*** Opening of Dataset ***
(* Consider a liquid ($l$), its vapor ($v$) and a gas ($g$), each with extensive entropy $S_k:(\mathbb R^+)^3\to\mathbb R\cup\{-\infty\}$ of $W_k=(M_k,V_k,E_k)$ satisfying: the set $C_k=\{S_k>-\infty\}$ is non-empty closed convex, $S_k$ is concave, positively homogeneous of degree 1, upper semi-continuous, and $\mathcal C^2$ on $C_k$ with $\partial S_k/\partial E>0$. Define for each phase the temperature $T_k$, pressure $p_k$ and chemical potential $\mu_k$ by $1/T_k=\partial S_k/\partial E$, $p_k/T_k=\partial S_k/\partial V$, $\mu_k=-T_k\,\partial S_k/\partial M$. Let $\Sigma=S_l(W_l)+S_g(W_g)+S_v(W_v)$. (a) Without phase transition: fix $(M,V,E)$ and $M_l,M_g,M_v\ge0$ with $M=M_l+M_g+M_v$, and suppose $\Sigma$ attains its maximum over the set $\{W_k\in C_k:\ E=E_l+E_g+E_v,\ V=V_l+V_v,\ V_g=V_v\}$ at a point lying in the interior of this constraint set (all three phases present). Then at this maximizer $T_l=T_g=T_v$ and $p_l=p_g+p_v$ (Dalton's law). (b) With phase transition: fix $(M,V,E)$ and $M_g$, and suppose $\Sigma$ attains its maximum over $\{W_k\in C_k:\ M-M_g=M_l+M_v,\ E=E_l+E_g+E_v,\ V=V_l+V_v,\ V_g=V_v\}$ at an interior point. Then at this maximizer $T_l=T_g=T_v$, $p_l=p_g+p_v$, and moreover $\mu_l=\mu_v$.
   Context: The volume constraints $V=V_l+V_v$, $V_g=V_v$ encode that the vapor and gas are miscible (occupy the same volume) while the liquid is immiscible with them. The gas does not exchange mass with the other phases. *)

theory Defs
  imports "HOL-Analysis.Analysis"
begin

text \<open>States W = (M, V, E) :: real \<times> real \<times> real (mass, volume, energy).
  An entropy with values in real \<union> {-\<infinity>} is represented by its finiteness
  domain C = {S > -\<infinity>} together with a real-valued function s on C.\<close>

type_synonym state = "real \<times> real \<times> real"

definition ext_entropy :: "state set \<Rightarrow> (state \<Rightarrow> real) \<Rightarrow> state \<Rightarrow> ereal" where
  "ext_entropy C s W = (if W \<in> C then ereal (s W) else -\<infinity>)"

definition nonneg_orthant :: "state set" where
  "nonneg_orthant = {(M, V, E). 0 \<le> M \<and> 0 \<le> V \<and> 0 \<le> E}"

definition C2_on :: "state set \<Rightarrow> (state \<Rightarrow> real) \<Rightarrow> bool" where
  "C2_on U f \<longleftrightarrow>
     (\<exists>(f' :: state \<Rightarrow> state \<Rightarrow>\<^sub>L real) (f'' :: state \<Rightarrow> state \<Rightarrow>\<^sub>L (state \<Rightarrow>\<^sub>L real)).
        (\<forall>x\<in>U. (f has_derivative blinfun_apply (f' x)) (at x)) \<and>
        (\<forall>x\<in>U. (f' has_derivative blinfun_apply (f'' x)) (at x)) \<and>
        continuous_on U f'')"

definition dS_dM :: "(state \<Rightarrow> real) \<Rightarrow> state \<Rightarrow> real" where
  "dS_dM s W = frechet_derivative s (at W) (1, 0, 0)"
definition dS_dV :: "(state \<Rightarrow> real) \<Rightarrow> state \<Rightarrow> real" where
  "dS_dV s W = frechet_derivative s (at W) (0, 1, 0)"
definition dS_dE :: "(state \<Rightarrow> real) \<Rightarrow> state \<Rightarrow> real" where
  "dS_dE s W = frechet_derivative s (at W) (0, 0, 1)"

definition temperature :: "(state \<Rightarrow> real) \<Rightarrow> state \<Rightarrow> real" where
  "temperature s W = 1 / dS_dE s W"
definition pressure :: "(state \<Rightarrow> real) \<Rightarrow> state \<Rightarrow> real" where
  "pressure s W = temperature s W * dS_dV s W"
definition chem_potential :: "(state \<Rightarrow> real) \<Rightarrow> state \<Rightarrow> real" where
  "chem_potential s W = - temperature s W * dS_dM s W"

definition entropy :: "state set \<Rightarrow> (state \<Rightarrow> real) \<Rightarrow> bool" where
  "entropy C s \<longleftrightarrow>
     C \<noteq> {} \<and> closed C \<and> convex C \<and> C \<subseteq> nonneg_orthant \<and>
     concave_on C s \<and>
     (\<forall>(c::real) W. c > 0 \<longrightarrow> ext_entropy C s (c *\<^sub>R W) = ereal c * ext_entropy C s W) \<and>
     (\<forall>W. Limsup (at W) (ext_entropy C s) \<le> ext_entropy C s W) \<and>
     C2_on (interior C) s \<and>
     (\<forall>W\<in>interior C. dS_dE s W > 0)"

end

theory Submission
  imports Defs
begin

text \<open>At an interior maximiser of the total entropy every admissible exchange of mass, volume
  or energy between the phases defines a line through the maximiser inside the constraint set;
  the total entropy restricted to that line is differentiable with a local maximum at the
  maximiser, so its derivative, a combination of partial derivatives of the three entropies,
  vanishes. Exchanging energy between two phases equates their temperatures, moving volume
  from the liquid to the common volume of vapour and gas gives Dalton's law, and (with phase
  transition) moving mass from liquid to vapour equates the chemical potentials.\<close>

lemma eventually_nhds_line_mem:
  fixes W d :: "'a::real_normed_vector"
  assumes "W \<in> interior C"
  shows "\<forall>\<^sub>F t in nhds 0. W + t *\<^sub>R d \<in> C"
proof -
  have "((\<lambda>t. W + t *\<^sub>R d) \<longlongrightarrow> W + 0 *\<^sub>R d) (nhds 0)"
    by (intro tendsto_intros filterlim_ident)
  then have "\<forall>\<^sub>F t in nhds 0. W + t *\<^sub>R d \<in> interior C"
    using assms by (intro topological_tendstoD) auto
  then show ?thesis
    by eventually_elim (use interior_subset in blast)
qed

lemma has_real_derivative_along_line:
  fixes s :: "'a::real_normed_vector \<Rightarrow> real"
  assumes "(s has_derivative F) (at W)"
  shows "((\<lambda>t. s (W + t *\<^sub>R d)) has_real_derivative F d) (at 0)"
proof -
  have "((\<lambda>t. W + t *\<^sub>R d) has_derivative (\<lambda>t. t *\<^sub>R d)) (at 0)"
    by (auto intro!: derivative_eq_intros)
  with assms have "((\<lambda>t. s (W + t *\<^sub>R d)) has_derivative (\<lambda>t. F (t *\<^sub>R d))) (at 0)"
    using diff_chain_at[of "\<lambda>t. W + t *\<^sub>R d" _ 0 s F] by (simp add: o_def)
  moreover have "(\<lambda>t. F (t *\<^sub>R d)) = (*) (F d)"
    using linear_cmul[OF has_derivative_linear[OF assms]] by (auto simp: mult.commute)
  ultimately show ?thesis
    by (simp add: has_field_derivative_def)
qed

lemma sum3_derivatives_eq_0_if_max_along_line:
  fixes s1 s2 s3 :: "'a::real_normed_vector \<Rightarrow> real"
  assumes "W1 \<in> interior C1" "W2 \<in> interior C2" "W3 \<in> interior C3"
    and "(s1 has_derivative F1) (at W1)" "(s2 has_derivative F2) (at W2)"
    and "(s3 has_derivative F3) (at W3)"
    and max: "\<And>t. W1 + t *\<^sub>R a \<in> C1 \<Longrightarrow> W2 + t *\<^sub>R b \<in> C2 \<Longrightarrow> W3 + t *\<^sub>R c \<in> C3 \<Longrightarrow>
       s1 (W1 + t *\<^sub>R a) + s2 (W2 + t *\<^sub>R b) + s3 (W3 + t *\<^sub>R c) \<le> s1 W1 + s2 W2 + s3 W3"
  shows "F1 a + F2 b + F3 c = 0"
proof -
  define g where "g t = s1 (W1 + t *\<^sub>R a) + s2 (W2 + t *\<^sub>R b) + s3 (W3 + t *\<^sub>R c)" for t
  have "(g has_real_derivative F1 a + F2 b + F3 c) (at 0)"
    unfolding g_def using assms(4-6) by (intro DERIV_add has_real_derivative_along_line)
  moreover have "\<forall>\<^sub>F t in nhds 0. g t \<le> g 0"
    using eventually_nhds_line_mem[OF assms(1), of a] eventually_nhds_line_mem[OF assms(2), of b]
      eventually_nhds_line_mem[OF assms(3), of c]
    by eventually_elim (simp add: g_def max)
  then have "\<forall>\<^sub>F t in at 0. g t \<le> g 0"
    by (simp add: eventually_at_filter eventually_mono)
  ultimately have "(*) (F1 a + F2 b + F3 c) = (\<lambda>h. 0)"
    by (intro has_derivative_local_max) (simp_all add: has_field_derivative_def)
  then show ?thesis
    by (metis mult.right_neutral)
qed

lemma entropy_has_derivative:
  assumes "entropy C s" "W \<in> interior C"
  shows "(s has_derivative frechet_derivative s (at W)) (at W)"
proof -
  obtain f' :: "state \<Rightarrow> state \<Rightarrow>\<^sub>L real"
    where "\<forall>x\<in>interior C. (s has_derivative blinfun_apply (f' x)) (at x)"
    using assms(1) unfolding entropy_def C2_on_def by blast
  with assms(2) have "s differentiable at W"
    by (auto simp: differentiable_def)
  then show ?thesis
    by (rule frechet_derivative_works[THEN iffD1])
qed

lemma entropy_derivative_eq:
  assumes "entropy C s" "W \<in> interior C"
  shows "frechet_derivative s (at W) (m, v, e) = m * dS_dM s W + v * dS_dV s W + e * dS_dE s W"
proof -
  have lin: "linear (frechet_derivative s (at W))"
    using has_derivative_linear[OF entropy_has_derivative[OF assms]] .
  have "frechet_derivative s (at W) (m, v, e)
      = frechet_derivative s (at W) (m *\<^sub>R (1, 0, 0) + v *\<^sub>R (0, 1, 0) + e *\<^sub>R (0, 0, 1))"
    by simp
  then show ?thesis
    by (simp only: dS_dM_def dS_dV_def dS_dE_def linear_add[OF lin] linear_cmul[OF lin] real_scaleR_def)
qed

lemma entropy_stationary_along_line:
  assumes "entropy C1 s1" "entropy C2 s2" "entropy C3 s3"
    and "W1 \<in> interior C1" "W2 \<in> interior C2" "W3 \<in> interior C3"
    and "\<And>t. W1 + t *\<^sub>R a \<in> C1 \<Longrightarrow> W2 + t *\<^sub>R b \<in> C2 \<Longrightarrow> W3 + t *\<^sub>R c \<in> C3 \<Longrightarrow>
       s1 (W1 + t *\<^sub>R a) + s2 (W2 + t *\<^sub>R b) + s3 (W3 + t *\<^sub>R c) \<le> s1 W1 + s2 W2 + s3 W3"
  shows "frechet_derivative s1 (at W1) a + frechet_derivative s2 (at W2) b
    + frechet_derivative s3 (at W3) c = 0"
  using assms(4-6) entropy_has_derivative[OF assms(1,4)] entropy_has_derivative[OF assms(2,5)]
    entropy_has_derivative[OF assms(3,6)] assms(7)
  by (rule sum3_derivatives_eq_0_if_max_along_line)

lemma thermal_and_mechanical_equilibrium:
  assumes ent: "entropy Cl sl" "entropy Cg sg" "entropy Cv sv"
    and int: "(Ml, Vl, El) \<in> interior Cl" "(Mg, Vv, Eg) \<in> interior Cg"
      "(Mv, Vv, Ev) \<in> interior Cv"
    and max: "\<And>Vl' Vv' El' Eg' Ev'. (Ml, Vl', El') \<in> Cl \<Longrightarrow> (Mg, Vv', Eg') \<in> Cg \<Longrightarrow>
       (Mv, Vv', Ev') \<in> Cv \<Longrightarrow> El' + Eg' + Ev' = El + Eg + Ev \<Longrightarrow> Vl' + Vv' = Vl + Vv \<Longrightarrow>
       sl (Ml, Vl', El') + sg (Mg, Vv', Eg') + sv (Mv, Vv', Ev')
         \<le> sl (Ml, Vl, El) + sg (Mg, Vv, Eg) + sv (Mv, Vv, Ev)"
  shows "temperature sl (Ml, Vl, El) = temperature sg (Mg, Vv, Eg)"
    and "temperature sg (Mg, Vv, Eg) = temperature sv (Mv, Vv, Ev)"
    and "pressure sl (Ml, Vl, El) = pressure sg (Mg, Vv, Eg) + pressure sv (Mv, Vv, Ev)"
proof -
  note stationary = entropy_stationary_along_line[OF ent int]
  note components = entropy_derivative_eq[OF ent(1) int(1)] entropy_derivative_eq[OF ent(2) int(2)]
    entropy_derivative_eq[OF ent(3) int(3)]
  have El_Eg: "dS_dE sl (Ml, Vl, El) = dS_dE sg (Mg, Vv, Eg)"
    using stationary[of "(0, 0, 1)" "(0, 0, -1)" "(0, 0, 0)"] max[of Vl "El + t" Vv "Eg - t" Ev for t]
    by (simp add: components)
  have Eg_Ev: "dS_dE sg (Mg, Vv, Eg) = dS_dE sv (Mv, Vv, Ev)"
    using stationary[of "(0, 0, 0)" "(0, 0, 1)" "(0, 0, -1)"] max[of Vl El Vv "Eg + t" "Ev - t" for t]
    by (simp add: components)
  have Vl_Vv: "dS_dV sl (Ml, Vl, El) = dS_dV sg (Mg, Vv, Eg) + dS_dV sv (Mv, Vv, Ev)"
    using stationary[of "(0, -1, 0)" "(0, 1, 0)" "(0, 1, 0)"] max[of "Vl - t" El "Vv + t" Eg Ev for t]
    by (simp add: components)
  show "temperature sl (Ml, Vl, El) = temperature sg (Mg, Vv, Eg)"
    and "temperature sg (Mg, Vv, Eg) = temperature sv (Mv, Vv, Ev)"
    and "pressure sl (Ml, Vl, El) = pressure sg (Mg, Vv, Eg) + pressure sv (Mv, Vv, Ev)"
    using El_Eg Eg_Ev Vl_Vv by (simp_all add: temperature_def pressure_def ring_distribs)
qed

lemma chemical_equilibrium:
  assumes ent: "entropy Cl sl" "entropy Cg sg" "entropy Cv sv"
    and int: "(Ml, Vl, El) \<in> interior Cl" "(Mg, Vg, Eg) \<in> interior Cg" "(Mv, Vv, Ev) \<in> interior Cv"
    and max: "\<And>Ml' Mv'. (Ml', Vl, El) \<in> Cl \<Longrightarrow> (Mv', Vv, Ev) \<in> Cv \<Longrightarrow> Ml' + Mv' = Ml + Mv \<Longrightarrow>
       sl (Ml', Vl, El) + sv (Mv', Vv, Ev) \<le> sl (Ml, Vl, El) + sv (Mv, Vv, Ev)"
    and "temperature sl (Ml, Vl, El) = temperature sv (Mv, Vv, Ev)"
  shows "chem_potential sl (Ml, Vl, El) = chem_potential sv (Mv, Vv, Ev)"
proof -
  have "dS_dM sl (Ml, Vl, El) = dS_dM sv (Mv, Vv, Ev)"
    using entropy_stationary_along_line[OF ent int, of "(1, 0, 0)" "(0, 0, 0)" "(-1, 0, 0)"]
      max[of "Ml + t" "Mv - t" for t]
    by (simp add: entropy_derivative_eq[OF ent(1) int(1)] entropy_derivative_eq[OF ent(2) int(2)]
        entropy_derivative_eq[OF ent(3) int(3)])
  with assms(8) show ?thesis
    by (simp add: chem_potential_def)
qed

theorem proposition2p2:
  fixes Cl Cg Cv :: "state set" and sl sg sv :: "state \<Rightarrow> real"
  assumes "entropy Cl sl" and "entropy Cg sg" and "entropy Cv sv"
  shows
   "(\<forall>M V E Ml Mg Mv Vl Vg Vv El Eg Ev.
       0 \<le> Ml \<and> 0 \<le> Mg \<and> 0 \<le> Mv \<and> M = Ml + Mg + Mv \<and>
       (Ml, Vl, El) \<in> Cl \<and> (Mg, Vg, Eg) \<in> Cg \<and> (Mv, Vv, Ev) \<in> Cv \<and>
       E = El + Eg + Ev \<and> V = Vl + Vv \<and> Vg = Vv \<and>
       (\<forall>Vl' Vg' Vv' El' Eg' Ev'.
          (Ml, Vl', El') \<in> Cl \<and> (Mg, Vg', Eg') \<in> Cg \<and> (Mv, Vv', Ev') \<in> Cv \<and>
          E = El' + Eg' + Ev' \<and> V = Vl' + Vv' \<and> Vg' = Vv' \<longrightarrow>
          sl (Ml, Vl', El') + sg (Mg, Vg', Eg') + sv (Mv, Vv', Ev')
            \<le> sl (Ml, Vl, El) + sg (Mg, Vg, Eg) + sv (Mv, Vv, Ev)) \<and>
       (Ml, Vl, El) \<in> interior Cl \<and> (Mg, Vg, Eg) \<in> interior Cg \<and> (Mv, Vv, Ev) \<in> interior Cv
     \<longrightarrow>
       temperature sl (Ml, Vl, El) = temperature sg (Mg, Vg, Eg) \<and>
       temperature sg (Mg, Vg, Eg) = temperature sv (Mv, Vv, Ev) \<and>
       pressure sl (Ml, Vl, El) = pressure sg (Mg, Vg, Eg) + pressure sv (Mv, Vv, Ev))
  \<and>
   (\<forall>M V E Mg Ml Mv Vl Vg Vv El Eg Ev.
       (Ml, Vl, El) \<in> Cl \<and> (Mg, Vg, Eg) \<in> Cg \<and> (Mv, Vv, Ev) \<in> Cv \<and>
       M - Mg = Ml + Mv \<and> E = El + Eg + Ev \<and> V = Vl + Vv \<and> Vg = Vv \<and>
       (\<forall>Ml' Mv' Vl' Vg' Vv' El' Eg' Ev'.
          (Ml', Vl', El') \<in> Cl \<and> (Mg, Vg', Eg') \<in> Cg \<and> (Mv', Vv', Ev') \<in> Cv \<and>
          M - Mg = Ml' + Mv' \<and> E = El' + Eg' + Ev' \<and> V = Vl' + Vv' \<and> Vg' = Vv' \<longrightarrow>
          sl (Ml', Vl', El') + sg (Mg, Vg', Eg') + sv (Mv', Vv', Ev')
            \<le> sl (Ml, Vl, El) + sg (Mg, Vg, Eg) + sv (Mv, Vv, Ev)) \<and>
       (Ml, Vl, El) \<in> interior Cl \<and> (Mg, Vg, Eg) \<in> interior Cg \<and> (Mv, Vv, Ev) \<in> interior Cv
     \<longrightarrow>
       temperature sl (Ml, Vl, El) = temperature sg (Mg, Vg, Eg) \<and>
       temperature sg (Mg, Vg, Eg) = temperature sv (Mv, Vv, Ev) \<and>
       pressure sl (Ml, Vl, El) = pressure sg (Mg, Vg, Eg) + pressure sv (Mv, Vv, Ev) \<and>
       chem_potential sl (Ml, Vl, El) = chem_potential sv (Mv, Vv, Ev))"
  apply (rule conjI; intro allI impI; elim conjE)
  subgoal for M V E Ml Mg Mv Vl Vg Vv El Eg Ev
    using thermal_and_mechanical_equilibrium[OF assms, of Ml Vl El Mg Vv Eg Mv Ev] by fastforce
  subgoal for M V E Mg Ml Mv Vl Vg Vv El Eg Ev
    using thermal_and_mechanical_equilibrium[OF assms, of Ml Vl El Mg Vv Eg Mv Ev]
      chemical_equilibrium[OF assms, of Ml Vl El Mg Vg Eg Mv Vv Ev] by fastforce
  done

end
*** Close of Dataset ***
* **Work task**
The required output is the stretch of entries above from the line containing "set \<Rightarrow> (state \<Rightarrow> real) \<Rightarrow> state" through the line containing "V, E). 0 \<le>", reproduced exactly.

* **Exercise output**
definition ext_entropy :: "state set \<Rightarrow> (state \<Rightarrow> real) \<Rightarrow> state \<Rightarrow> ereal" where
  "ext_entropy C s W = (if W \<in> C then ereal (s W) else -\<infinity>)"

definition nonneg_orthant :: "state set" where
  "nonneg_orthant = {(M, V, E). 0 \<le> M \<and> 0 \<le> V \<and> 0 \<le> E}"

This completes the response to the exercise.